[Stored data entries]
(* Let $G$ be a connected graph with vertex set $\{u_1,\dots,u_n\}$, $n\ge2$, with non-singleton true twin equivalence classes $U_1,\dots,U_k$, and let $\mathcal{H}=\{H_1,\dots,H_n\}$ be a family of non-empty graphs (each having at least one edge). Then $$\dim_l(G\circ\mathcal{H})=\sum_{i=1}^n\operatorname{adim}_l(H_i)+\sum_{j:\,I\cap U_j\ne\emptyset}(|I\cap U_j|-1),$$ where $I=\{u_i: H_i\in\mathcal{G}\}$.
   Context: All graphs are finite and simple. $d_G$ is shortest-path distance ($+\infty$ between components), $d_{G,2}=\min\{d_G,2\}$; $s$ distinguishes $x,y$ w.r.t. $d$ if $d(s,x)\ne d(s,y)$. $\dim_l(G)$: minimum size of $S\subseteq V(G)$ such that any two adjacent vertices are distinguished w.r.t. $d_G$ by some vertex of $S$. $\operatorname{adim}_l(H)$: minimum size of $S\subseteq V(H)$ such that any two adjacent vertices are distinguished w.r.t. $d_{H,2}$ by some vertex of $S$; minimum such sets are local adjacency bases. $\mathcal{G}$: class of graphs $H$ such that every local adjacency basis $B$ of $H$ satisfies $B\subseteq N_H(v)$ for some $v\in V(H)$. True twins: $N[x]=N[y]$. Lexicographic product $G\circ\mathcal{H}$: vertex set $\bigcup_i\{u_i\}\times V(H_i)$, $(u_i,v)\sim(u_j,w)$ iff $u_iu_j\in E(G)$, or $i=j$ and $vw\in E(H_i)$. *)

theory Defs
  imports Main "HOL-Library.Extended_Nat"
begin

definition graph :: "'a set \<Rightarrow> ('a \<Rightarrow> 'a \<Rightarrow> bool) \<Rightarrow> bool" where
  "graph V E \<longleftrightarrow> finite V \<and> (\<forall>x y. E x y \<longrightarrow> x \<in> V \<and> y \<in> V \<and> x \<noteq> y \<and> E y x)"

definition connected_graph :: "'a set \<Rightarrow> ('a \<Rightarrow> 'a \<Rightarrow> bool) \<Rightarrow> bool" where
  "connected_graph V E \<longleftrightarrow> (\<forall>x\<in>V. \<forall>y\<in>V. \<exists>n. (E ^^ n) x y)"

definition dist :: "('a \<Rightarrow> 'a \<Rightarrow> bool) \<Rightarrow> 'a \<Rightarrow> 'a \<Rightarrow> enat" where
  "dist E x y = (if \<exists>n. (E ^^ n) x y then enat (LEAST n. (E ^^ n) x y) else \<infinity>)"

definition dist2 :: "('a \<Rightarrow> 'a \<Rightarrow> bool) \<Rightarrow> 'a \<Rightarrow> 'a \<Rightarrow> enat" where
  "dist2 E x y = min (dist E x y) 2"

definition local_resolving :: "('a \<Rightarrow> 'a \<Rightarrow> bool) \<Rightarrow> ('a \<Rightarrow> 'a \<Rightarrow> enat) \<Rightarrow> 'a set \<Rightarrow> bool" where
  "local_resolving E d S \<longleftrightarrow> (\<forall>x y. E x y \<longrightarrow> (\<exists>s\<in>S. d s x \<noteq> d s y))"

definition local_metric_dim :: "'a set \<Rightarrow> ('a \<Rightarrow> 'a \<Rightarrow> bool) \<Rightarrow> nat" where
  "local_metric_dim V E = (LEAST k. \<exists>S. S \<subseteq> V \<and> card S = k \<and> local_resolving E (dist E) S)"

definition local_adj_dim :: "'a set \<Rightarrow> ('a \<Rightarrow> 'a \<Rightarrow> bool) \<Rightarrow> nat" where
  "local_adj_dim V E = (LEAST k. \<exists>S. S \<subseteq> V \<and> card S = k \<and> local_resolving E (dist2 E) S)"

definition local_adj_basis :: "'a set \<Rightarrow> ('a \<Rightarrow> 'a \<Rightarrow> bool) \<Rightarrow> 'a set \<Rightarrow> bool" where
  "local_adj_basis V E B \<longleftrightarrow> B \<subseteq> V \<and> local_resolving E (dist2 E) B \<and> card B = local_adj_dim V E"

definition class_G :: "'a set \<Rightarrow> ('a \<Rightarrow> 'a \<Rightarrow> bool) \<Rightarrow> bool" where
  "class_G V E \<longleftrightarrow> (\<forall>B. local_adj_basis V E B \<longrightarrow> (\<exists>v\<in>V. B \<subseteq> {w. E v w}))"

definition closed_nbhd :: "('a \<Rightarrow> 'a \<Rightarrow> bool) \<Rightarrow> 'a \<Rightarrow> 'a set" where
  "closed_nbhd E x = insert x {y. E x y}"

definition twin_class :: "'a set \<Rightarrow> ('a \<Rightarrow> 'a \<Rightarrow> bool) \<Rightarrow> 'a \<Rightarrow> 'a set" where
  "twin_class V E x = {y \<in> V. closed_nbhd E y = closed_nbhd E x}"

(* lexicographic product G \<circ> H, H u = (HV u, HE u) the graph attached to vertex u *)
definition lex_V :: "'a set \<Rightarrow> ('a \<Rightarrow> 'b set) \<Rightarrow> ('a \<times> 'b) set" where
  "lex_V V HV = Sigma V HV"

definition lex_E :: "'a set \<Rightarrow> ('a \<Rightarrow> 'a \<Rightarrow> bool) \<Rightarrow> ('a \<Rightarrow> 'b set) \<Rightarrow> ('a \<Rightarrow> 'b \<Rightarrow> 'b \<Rightarrow> bool)
    \<Rightarrow> ('a \<times> 'b) \<Rightarrow> ('a \<times> 'b) \<Rightarrow> bool" where
  "lex_E V E HV HE p q \<longleftrightarrow> p \<in> Sigma V HV \<and> q \<in> Sigma V HV \<and>
     (E (fst p) (fst q) \<or> (fst p = fst q \<and> HE (fst p) (snd p) (snd q)))"

end

theory Submission
  imports Defs
begin

text \<open>
  In \<open>G \<circ> \<H>\<close> a vertex outside the layer over \<open>u\<close> sees that whole layer at the
  distance in \<open>G\<close> of the base vertices, while inside the layer the distance is
  \<open>min(d\<^sub>H\<^sub>u, 2)\<close>, because \<open>u\<close> has a neighbour in \<open>G\<close>. Hence \<open>S\<close> is a local resolving set
  iff every layer \<open>S\<^sub>u\<close> is a local adjacency resolving set of \<open>H\<^sub>u\<close> and no two distinct
  true twins \<open>u, u'\<close> have both \<open>S\<^sub>u\<close> and \<open>S\<^sub>u\<^sub>'\<close> inside an open neighbourhood: an edge
  between non-twins is resolved by the layer over any vertex adjacent to exactly one end,
  an edge between twins only from inside their own layers. A layer of size
  \<open>adim\<^sub>l(H\<^sub>u)\<close> lies in an open neighbourhood whenever \<open>H\<^sub>u \<in> \<G>\<close>; otherwise some basis
  avoids this, and adding the centre \<open>v\<close> to a basis inside \<open>N(v)\<close> always avoids it at the
  price of one vertex. So in each twin class \<open>U\<close> all but one vertex of \<open>I \<inter> U\<close> pay one
  extra vertex.
\<close>

section \<open>Distances\<close>

lemma dist_eq_enatI:
  assumes "(E ^^ k) x y" and "\<And>m. m < k \<Longrightarrow> \<not> (E ^^ m) x y"
  shows "dist E x y = enat k"
proof -
  have "(LEAST n. (E ^^ n) x y) = k"
    by (rule Least_equality) (use assms not_less in auto)
  then show ?thesis
    using assms(1) unfolding dist_def by auto
qed

lemma dist_self [simp]: "dist E x x = 0"
  using dist_eq_enatI[of 0 E x x] by (simp add: zero_enat_def)

lemma dist_eq_1_iff: "dist E x y = 1 \<longleftrightarrow> x \<noteq> y \<and> E x y"
proof
  assume dist: "dist E x y = 1"
  then have walk: "\<exists>n. (E ^^ n) x y"
    unfolding dist_def by (auto split: if_splits)
  with dist have least: "(LEAST n. (E ^^ n) x y) = 1"
    unfolding dist_def by (simp add: one_enat_def)
  from LeastI_ex[OF walk] have "E x y"
    unfolding least by (simp add: relcompp_apply)
  moreover from not_less_Least[of 0 "\<lambda>n. (E ^^ n) x y"] least have "x \<noteq> y"
    by auto
  ultimately show "x \<noteq> y \<and> E x y"
    by blast
next
  assume "x \<noteq> y \<and> E x y"
  then show "dist E x y = 1"
    using dist_eq_enatI[of 1 E x y] by (auto simp: one_enat_def less_Suc_eq)
qed

lemma dist_ge_2:
  assumes "x \<noteq> y" and "\<not> E x y"
  shows "dist E x y \<ge> 2"
proof (cases "\<exists>n. (E ^^ n) x y")
  case True
  have "\<not> (E ^^ n) x y" if "n < 2" for n
    using that assms by (auto simp: less_2_cases_iff relcompp_apply)
  then have "2 \<le> (LEAST n. (E ^^ n) x y)"
    using LeastI_ex[OF True] by (meson not_less)
  then show ?thesis
    using True unfolding dist_def by (simp add: numeral_eq_enat)
qed (simp add: dist_def)

lemma dist2_eq: "dist2 E x y = (if x = y then 0 else if E x y then 1 else 2)"
  unfolding dist2_def using dist_eq_1_iff[of E x y] dist_ge_2[of x y E]
  by (auto simp: min_def)

lemma dist_le_dist_if_shorter_walks:
  assumes "\<And>m. (E' ^^ m) x' y' \<Longrightarrow> \<exists>k\<le>m. (E ^^ k) x y"
  shows "dist E x y \<le> dist E' x' y'"
proof (cases "\<exists>n. (E' ^^ n) x' y'")
  case True
  then have "(E' ^^ (LEAST n. (E' ^^ n) x' y')) x' y'"
    by (rule LeastI_ex)
  then obtain k where "k \<le> (LEAST n. (E' ^^ n) x' y')" and "(E ^^ k) x y"
    using assms by blast
  then show ?thesis
    using True Least_le[of "\<lambda>n. (E ^^ n) x y" k] unfolding dist_def by auto
qed (simp add: dist_def)

section \<open>Graphs, twins and local resolving sets\<close>

lemma graph_sym: "graph V E \<Longrightarrow> E x y \<Longrightarrow> E y x"
  unfolding graph_def by blast

lemma graph_irrefl: "graph V E \<Longrightarrow> \<not> E x x"
  unfolding graph_def by blast

lemma graph_edge_vertices: "graph V E \<Longrightarrow> E x y \<Longrightarrow> x \<in> V \<and> y \<in> V"
  unfolding graph_def by blast

lemma exists_neighbour:
  assumes "connected_graph V E" and "card V \<ge> 2" and "u \<in> V"
  shows "\<exists>y. E u y"
proof -
  have "\<not> V \<subseteq> {u}"
  proof
    assume "V \<subseteq> {u}"
    then have "card V \<le> 1"
      using card_mono[of "{u}" V] by simp
    with assms(2) show False
      by simp
  qed
  then obtain z where z: "z \<in> V" "z \<noteq> u"
    by blast
  then obtain n where walk: "(E ^^ n) u z"
    using assms(1,3) unfolding connected_graph_def by blast
  with z obtain k where "n = Suc k"
    by (cases n) auto
  with walk show ?thesis
    by (metis relpowp_Suc_D2)
qed

lemma twins_adjacent:
  assumes "u \<noteq> u'" and "closed_nbhd E u = closed_nbhd E u'"
  shows "E u u'"
proof -
  have "u' \<in> closed_nbhd E u"
    unfolding assms(2) by (simp add: closed_nbhd_def)
  with assms(1) show ?thesis
    unfolding closed_nbhd_def by simp
qed

lemma exists_vertex_separating_non_twins:
  assumes "graph V E" and "E u u'" and "closed_nbhd E u \<noteq> closed_nbhd E u'"
  shows "\<exists>w. w \<noteq> u \<and> w \<noteq> u' \<and> E w u \<noteq> E w u'"
proof (rule ccontr)
  assume "\<not> ?thesis"
  then have "E u x \<longleftrightarrow> E u' x" if "x \<noteq> u" "x \<noteq> u'" for x
    using that graph_sym[OF assms(1)] by blast
  moreover have "E u' u"
    using assms(2) graph_sym[OF assms(1)] by blast
  ultimately have "x \<in> closed_nbhd E u \<longleftrightarrow> x \<in> closed_nbhd E u'" for x
    using assms(2) unfolding closed_nbhd_def by (cases "x = u"; cases "x = u'") auto
  with assms(3) show False
    by blast
qed

lemma walk_to_twin:
  assumes "graph V E" and "(E ^^ m) w u" and "w \<noteq> u"
    and "closed_nbhd E u = closed_nbhd E u'"
  shows "\<exists>k\<le>m. (E ^^ k) w u'"
proof -
  obtain k where m: "m = Suc k"
    using assms(2,3) by (cases m) auto
  with assms(2) obtain z where z: "(E ^^ k) w z" "E z u"
    by (auto elim: relpowp_Suc_E)
  have "z \<in> closed_nbhd E u"
    using z(2) graph_sym[OF assms(1)] unfolding closed_nbhd_def by auto
  then have "z = u' \<or> E u' z"
    unfolding assms(4) by (simp add: closed_nbhd_def)
  then have "z = u' \<or> E z u'"
    using graph_sym[OF assms(1)] by blast
  then show ?thesis
    using z(1) m by (metis le_SucI order_refl relpowp_Suc_I)
qed

lemma dist_twin:
  assumes "graph V E" and "w \<noteq> u" and "w \<noteq> u'"
    and "closed_nbhd E u = closed_nbhd E u'"
  shows "dist E w u = dist E w u'"
  using assms walk_to_twin[OF assms(1) _ _ assms(4)[symmetric]] walk_to_twin[OF assms(1)]
  by (intro antisym dist_le_dist_if_shorter_walks) blast+

lemma local_resolving_mono:
  "local_resolving E d S \<Longrightarrow> S \<subseteq> T \<Longrightarrow> local_resolving E d T"
  unfolding local_resolving_def by blast

lemma local_adj_dim_le_card:
  assumes "S \<subseteq> V" and "local_resolving E (dist2 E) S"
  shows "local_adj_dim V E \<le> card S"
  unfolding local_adj_dim_def using assms by (intro Least_le) blast

lemma local_adj_basis_exists:
  assumes "graph V E"
  shows "\<exists>B. local_adj_basis V E B"
proof -
  have "local_resolving E (dist2 E) V"
    unfolding local_resolving_def
    using graph_edge_vertices[OF assms] graph_irrefl[OF assms] by (fastforce simp: dist2_eq)
  then have "\<exists>k S. S \<subseteq> V \<and> card S = k \<and> local_resolving E (dist2 E) S"
    by blast
  from LeastI_ex[OF this] show ?thesis
    unfolding local_adj_basis_def local_adj_dim_def by blast
qed

definition in_open_nbhd :: "'a set \<Rightarrow> ('a \<Rightarrow> 'a \<Rightarrow> bool) \<Rightarrow> 'a set \<Rightarrow> bool" where
  "in_open_nbhd V E B \<longleftrightarrow> (\<exists>v\<in>V. B \<subseteq> {w. E v w})"

lemma class_G_iff: "class_G V E \<longleftrightarrow> (\<forall>B. local_adj_basis V E B \<longrightarrow> in_open_nbhd V E B)"
  unfolding class_G_def in_open_nbhd_def ..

WHAT NEEDS TO BE DONE: What you give back should be exactly the lines of the entries above from the one containing "u' \<or> E u'" to the end, and nothing more.

OUTPUT FOR THIS EXERCISE:
  then have "z = u' \<or> E u' z"
    unfolding assms(4) by (simp add: closed_nbhd_def)
  then have "z = u' \<or> E z u'"
    using graph_sym[OF assms(1)] by blast
  then show ?thesis
    using z(1) m by (metis le_SucI order_refl relpowp_Suc_I)
qed

lemma dist_twin:
  assumes "graph V E" and "w \<noteq> u" and "w \<noteq> u'"
    and "closed_nbhd E u = closed_nbhd E u'"
  shows "dist E w u = dist E w u'"
  using assms walk_to_twin[OF assms(1) _ _ assms(4)[symmetric]] walk_to_twin[OF assms(1)]
  by (intro antisym dist_le_dist_if_shorter_walks) blast+

lemma local_resolving_mono:
  "local_resolving E d S \<Longrightarrow> S \<subseteq> T \<Longrightarrow> local_resolving E d T"
  unfolding local_resolving_def by blast

lemma local_adj_dim_le_card:
  assumes "S \<subseteq> V" and "local_resolving E (dist2 E) S"
  shows "local_adj_dim V E \<le> card S"
  unfolding local_adj_dim_def using assms by (intro Least_le) blast

lemma local_adj_basis_exists:
  assumes "graph V E"
  shows "\<exists>B. local_adj_basis V E B"
proof -
  have "local_resolving E (dist2 E) V"
    unfolding local_resolving_def
    using graph_edge_vertices[OF assms] graph_irrefl[OF assms] by (fastforce simp: dist2_eq)
  then have "\<exists>k S. S \<subseteq> V \<and> card S = k \<and> local_resolving E (dist2 E) S"
    by blast
  from LeastI_ex[OF this] show ?thesis
    unfolding local_adj_basis_def local_adj_dim_def by blast
qed

definition in_open_nbhd :: "'a set \<Rightarrow> ('a \<Rightarrow> 'a \<Rightarrow> bool) \<Rightarrow> 'a set \<Rightarrow> bool" where
  "in_open_nbhd V E B \<longleftrightarrow> (\<exists>v\<in>V. B \<subseteq> {w. E v w})"

lemma class_G_iff: "class_G V E \<longleftrightarrow> (\<forall>B. local_adj_basis V E B \<longrightarrow> in_open_nbhd V E B)"
  unfolding class_G_def in_open_nbhd_def ..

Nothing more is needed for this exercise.